* [Records for this task]:
^^^^^^^^^^^^^^^^

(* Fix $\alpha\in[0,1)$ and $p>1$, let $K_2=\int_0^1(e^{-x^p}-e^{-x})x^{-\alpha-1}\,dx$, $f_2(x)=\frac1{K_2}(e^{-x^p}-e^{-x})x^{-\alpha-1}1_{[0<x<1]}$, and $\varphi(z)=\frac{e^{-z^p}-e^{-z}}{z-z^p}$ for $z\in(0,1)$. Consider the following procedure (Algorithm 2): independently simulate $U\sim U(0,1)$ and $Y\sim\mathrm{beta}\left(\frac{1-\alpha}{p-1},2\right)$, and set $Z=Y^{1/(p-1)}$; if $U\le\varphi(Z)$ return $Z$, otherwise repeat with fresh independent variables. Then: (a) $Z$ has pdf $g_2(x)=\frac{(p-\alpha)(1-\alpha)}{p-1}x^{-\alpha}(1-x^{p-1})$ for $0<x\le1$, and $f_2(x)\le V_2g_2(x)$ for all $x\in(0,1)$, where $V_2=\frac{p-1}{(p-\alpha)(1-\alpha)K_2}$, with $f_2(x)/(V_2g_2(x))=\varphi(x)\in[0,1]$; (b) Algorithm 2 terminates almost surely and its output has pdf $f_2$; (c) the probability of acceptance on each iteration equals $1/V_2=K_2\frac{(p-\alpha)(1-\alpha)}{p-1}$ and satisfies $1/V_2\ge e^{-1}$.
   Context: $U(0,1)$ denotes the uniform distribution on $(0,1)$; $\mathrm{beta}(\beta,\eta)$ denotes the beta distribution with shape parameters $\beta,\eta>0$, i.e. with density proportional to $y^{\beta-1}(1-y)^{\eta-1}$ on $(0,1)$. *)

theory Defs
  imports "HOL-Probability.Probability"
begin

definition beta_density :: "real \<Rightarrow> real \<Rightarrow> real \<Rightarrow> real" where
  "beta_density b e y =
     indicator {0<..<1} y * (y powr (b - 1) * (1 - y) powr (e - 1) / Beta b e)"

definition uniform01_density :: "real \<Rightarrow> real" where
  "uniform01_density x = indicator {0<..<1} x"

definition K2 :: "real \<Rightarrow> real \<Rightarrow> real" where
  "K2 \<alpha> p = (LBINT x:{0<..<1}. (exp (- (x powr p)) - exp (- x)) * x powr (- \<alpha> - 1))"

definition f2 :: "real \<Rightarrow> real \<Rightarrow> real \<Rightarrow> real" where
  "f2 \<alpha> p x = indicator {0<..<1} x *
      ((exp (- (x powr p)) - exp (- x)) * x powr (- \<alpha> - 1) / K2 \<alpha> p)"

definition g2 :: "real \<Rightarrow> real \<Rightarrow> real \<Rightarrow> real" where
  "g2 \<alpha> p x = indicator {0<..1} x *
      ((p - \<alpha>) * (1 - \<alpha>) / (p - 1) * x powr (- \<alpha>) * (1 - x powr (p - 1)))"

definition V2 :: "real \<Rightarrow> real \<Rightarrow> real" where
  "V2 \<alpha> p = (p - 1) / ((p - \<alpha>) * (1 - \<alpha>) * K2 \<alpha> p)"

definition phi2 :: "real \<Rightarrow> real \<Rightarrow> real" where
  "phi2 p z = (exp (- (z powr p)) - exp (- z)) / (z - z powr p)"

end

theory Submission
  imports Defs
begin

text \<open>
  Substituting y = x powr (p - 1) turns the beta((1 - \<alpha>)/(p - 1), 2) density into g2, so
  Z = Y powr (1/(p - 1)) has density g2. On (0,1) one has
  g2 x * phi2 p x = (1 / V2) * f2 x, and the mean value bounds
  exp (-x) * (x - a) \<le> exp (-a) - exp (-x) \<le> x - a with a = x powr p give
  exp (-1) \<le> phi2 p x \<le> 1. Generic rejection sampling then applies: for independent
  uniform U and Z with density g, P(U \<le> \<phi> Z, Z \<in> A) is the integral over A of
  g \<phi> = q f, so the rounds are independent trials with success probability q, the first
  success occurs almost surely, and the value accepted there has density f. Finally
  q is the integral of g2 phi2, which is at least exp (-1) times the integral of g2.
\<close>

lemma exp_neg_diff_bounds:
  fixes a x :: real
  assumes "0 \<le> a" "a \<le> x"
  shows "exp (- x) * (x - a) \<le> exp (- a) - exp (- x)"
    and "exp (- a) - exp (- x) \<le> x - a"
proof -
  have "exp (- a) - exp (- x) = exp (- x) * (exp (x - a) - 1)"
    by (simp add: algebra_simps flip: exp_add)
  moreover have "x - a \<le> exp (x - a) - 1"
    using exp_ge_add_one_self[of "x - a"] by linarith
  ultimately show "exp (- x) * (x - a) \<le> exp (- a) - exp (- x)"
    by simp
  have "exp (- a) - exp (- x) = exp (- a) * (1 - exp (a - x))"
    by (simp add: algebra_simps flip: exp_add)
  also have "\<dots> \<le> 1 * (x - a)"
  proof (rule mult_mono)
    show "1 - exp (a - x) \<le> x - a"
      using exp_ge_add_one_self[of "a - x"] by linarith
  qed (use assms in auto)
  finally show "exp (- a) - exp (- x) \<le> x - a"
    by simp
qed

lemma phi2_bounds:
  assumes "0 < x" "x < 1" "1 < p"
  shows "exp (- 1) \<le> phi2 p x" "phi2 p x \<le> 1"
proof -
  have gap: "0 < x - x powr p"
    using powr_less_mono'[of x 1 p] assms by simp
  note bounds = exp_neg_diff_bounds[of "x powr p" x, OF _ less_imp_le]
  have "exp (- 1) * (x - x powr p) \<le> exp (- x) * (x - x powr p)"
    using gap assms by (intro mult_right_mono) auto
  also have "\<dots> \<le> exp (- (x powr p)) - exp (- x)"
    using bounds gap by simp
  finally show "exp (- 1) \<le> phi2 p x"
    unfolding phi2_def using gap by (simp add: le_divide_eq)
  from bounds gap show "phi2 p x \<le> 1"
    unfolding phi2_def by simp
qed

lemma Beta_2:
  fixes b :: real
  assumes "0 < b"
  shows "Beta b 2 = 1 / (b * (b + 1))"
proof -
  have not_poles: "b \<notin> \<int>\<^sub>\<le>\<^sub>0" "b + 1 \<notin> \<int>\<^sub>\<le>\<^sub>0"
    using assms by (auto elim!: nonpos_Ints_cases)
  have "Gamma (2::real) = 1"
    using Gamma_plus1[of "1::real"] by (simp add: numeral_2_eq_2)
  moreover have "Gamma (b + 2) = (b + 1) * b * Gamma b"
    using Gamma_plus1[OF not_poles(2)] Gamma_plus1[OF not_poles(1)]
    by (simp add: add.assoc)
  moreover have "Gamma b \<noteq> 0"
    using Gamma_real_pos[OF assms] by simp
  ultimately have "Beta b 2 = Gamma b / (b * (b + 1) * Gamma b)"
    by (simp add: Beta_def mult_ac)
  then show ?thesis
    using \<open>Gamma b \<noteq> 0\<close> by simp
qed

^^^^^^^^^^^^^^^^

* [What is required]: Output all of the data in full, exactly as given.

* [Your response]:
(* Fix $\alpha\in[0,1)$ and $p>1$, let $K_2=\int_0^1(e^{-x^p}-e^{-x})x^{-\alpha-1}\,dx$, $f_2(x)=\frac1{K_2}(e^{-x^p}-e^{-x})x^{-\alpha-1}1_{[0<x<1]}$, and $\varphi(z)=\frac{e^{-z^p}-e^{-z}}{z-z^p}$ for $z\in(0,1)$. Consider the following procedure (Algorithm 2): independently simulate $U\sim U(0,1)$ and $Y\sim\mathrm{beta}\left(\frac{1-\alpha}{p-1},2\right)$, and set $Z=Y^{1/(p-1)}$; if $U\le\varphi(Z)$ return $Z$, otherwise repeat with fresh independent variables. Then: (a) $Z$ has pdf $g_2(x)=\frac{(p-\alpha)(1-\alpha)}{p-1}x^{-\alpha}(1-x^{p-1})$ for $0<x\le1$, and $f_2(x)\le V_2g_2(x)$ for all $x\in(0,1)$, where $V_2=\frac{p-1}{(p-\alpha)(1-\alpha)K_2}$, with $f_2(x)/(V_2g_2(x))=\varphi(x)\in[0,1]$; (b) Algorithm 2 terminates almost surely and its output has pdf $f_2$; (c) the probability of acceptance on each iteration equals $1/V_2=K_2\frac{(p-\alpha)(1-\alpha)}{p-1}$ and satisfies $1/V_2\ge e^{-1}$.
   Context: $U(0,1)$ denotes the uniform distribution on $(0,1)$; $\mathrm{beta}(\beta,\eta)$ denotes the beta distribution with shape parameters $\beta,\eta>0$, i.e. with density proportional to $y^{\beta-1}(1-y)^{\eta-1}$ on $(0,1)$. *)

theory Defs
  imports "HOL-Probability.Probability"
begin

definition beta_density :: "real \<Rightarrow> real \<Rightarrow> real \<Rightarrow> real" where
  "beta_density b e y =
     indicator {0<..<1} y * (y powr (b - 1) * (1 - y) powr (e - 1) / Beta b e)"

definition uniform01_density :: "real \<Rightarrow> real" where
  "uniform01_density x = indicator {0<..<1} x"

definition K2 :: "real \<Rightarrow> real \<Rightarrow> real" where
  "K2 \<alpha> p = (LBINT x:{0<..<1}. (exp (- (x powr p)) - exp (- x)) * x powr (- \<alpha> - 1))"

definition f2 :: "real \<Rightarrow> real \<Rightarrow> real \<Rightarrow> real" where
  "f2 \<alpha> p x = indicator {0<..<1} x *
      ((exp (- (x powr p)) - exp (- x)) * x powr (- \<alpha> - 1) / K2 \<alpha> p)"

definition g2 :: "real \<Rightarrow> real \<Rightarrow> real \<Rightarrow> real" where
  "g2 \<alpha> p x = indicator {0<..1} x *
      ((p - \<alpha>) * (1 - \<alpha>) / (p - 1) * x powr (- \<alpha>) * (1 - x powr (p - 1)))"

definition V2 :: "real \<Rightarrow> real \<Rightarrow> real" where
  "V2 \<alpha> p = (p - 1) / ((p - \<alpha>) * (1 - \<alpha>) * K2 \<alpha> p)"

definition phi2 :: "real \<Rightarrow> real \<Rightarrow> real" where
  "phi2 p z = (exp (- (z powr p)) - exp (- z)) / (z - z powr p)"

end

theory Submission
  imports Defs
begin

text \<open>
  Substituting y = x powr (p - 1) turns the beta((1 - \<alpha>)/(p - 1), 2) density into g2, so
  Z = Y powr (1/(p - 1)) has density g2. On (0,1) one has
  g2 x * phi2 p x = (1 / V2) * f2 x, and the mean value bounds
  exp (-x) * (x - a) \<le> exp (-a) - exp (-x) \<le> x - a with a = x powr p give
  exp (-1) \<le> phi2 p x \<le> 1. Generic rejection sampling then applies: for independent
  uniform U and Z with density g, P(U \<le> \<phi> Z, Z \<in> A) is the integral over A of
  g \<phi> = q f, so the rounds are independent trials with success probability q, the first
  success occurs almost surely, and the value accepted there has density f. Finally
  q is the integral of g2 phi2, which is at least exp (-1) times the integral of g2.
\<close>

lemma exp_neg_diff_bounds:
  fixes a x :: real
  assumes "0 \<le> a" "a \<le> x"
  shows "exp (- x) * (x - a) \<le> exp (- a) - exp (- x)"
    and "exp (- a) - exp (- x) \<le> x - a"
proof -
  have "exp (- a) - exp (- x) = exp (- x) * (exp (x - a) - 1)"
    by (simp add: algebra_simps flip: exp_add)
  moreover have "x - a \<le> exp (x - a) - 1"
    using exp_ge_add_one_self[of "x - a"] by linarith
  ultimately show "exp (- x) * (x - a) \<le> exp (- a) - exp (- x)"
    by simp
  have "exp (- a) - exp (- x) = exp (- a) * (1 - exp (a - x))"
    by (simp add: algebra_simps flip: exp_add)
  also have "\<dots> \<le> 1 * (x - a)"
  proof (rule mult_mono)
    show "1 - exp (a - x) \<le> x - a"
      using exp_ge_add_one_self[of "a - x"] by linarith
  qed (use assms in auto)
  finally show "exp (- a) - exp (- x) \<le> x - a"
    by simp
qed

lemma phi2_bounds:
  assumes "0 < x" "x < 1" "1 < p"
  shows "exp (- 1) \<le> phi2 p x" "phi2 p x \<le> 1"
proof -
  have gap: "0 < x - x powr p"
    using powr_less_mono'[of x 1 p] assms by simp
  note bounds = exp_neg_diff_bounds[of "x powr p" x, OF _ less_imp_le]
  have "exp (- 1) * (x - x powr p) \<le> exp (- x) * (x - x powr p)"
    using gap assms by (intro mult_right_mono) auto
  also have "\<dots> \<le> exp (- (x powr p)) - exp (- x)"
    using bounds gap by simp
  finally show "exp (- 1) \<le> phi2 p x"
    unfolding phi2_def using gap by (simp add: le_divide_eq)
  from bounds gap show "phi2 p x \<le> 1"
    unfolding phi2_def by simp
qed

lemma Beta_2:
  fixes b :: real
  assumes "0 < b"
  shows "Beta b 2 = 1 / (b * (b + 1))"
proof -
  have not_poles: "b \<notin> \<int>\<^sub>\<le>\<^sub>0" "b + 1 \<notin> \<int>\<^sub>\<le>\<^sub>0"
    using assms by (auto elim!: nonpos_Ints_cases)
  have "Gamma (2::real) = 1"
    using Gamma_plus1[of "1::real"] by (simp add: numeral_2_eq_2)
  moreover have "Gamma (b + 2) = (b + 1) * b * Gamma b"
    using Gamma_plus1[OF not_poles(2)] Gamma_plus1[OF not_poles(1)]
    by (simp add: add.assoc)
  moreover have "Gamma b \<noteq> 0"
    using Gamma_real_pos[OF assms] by simp
  ultimately have "Beta b 2 = Gamma b / (b * (b + 1) * Gamma b)"
    by (simp add: Beta_def mult_ac)
  then show ?thesis
    using \<open>Gamma b \<noteq> 0\<close> by simp
qed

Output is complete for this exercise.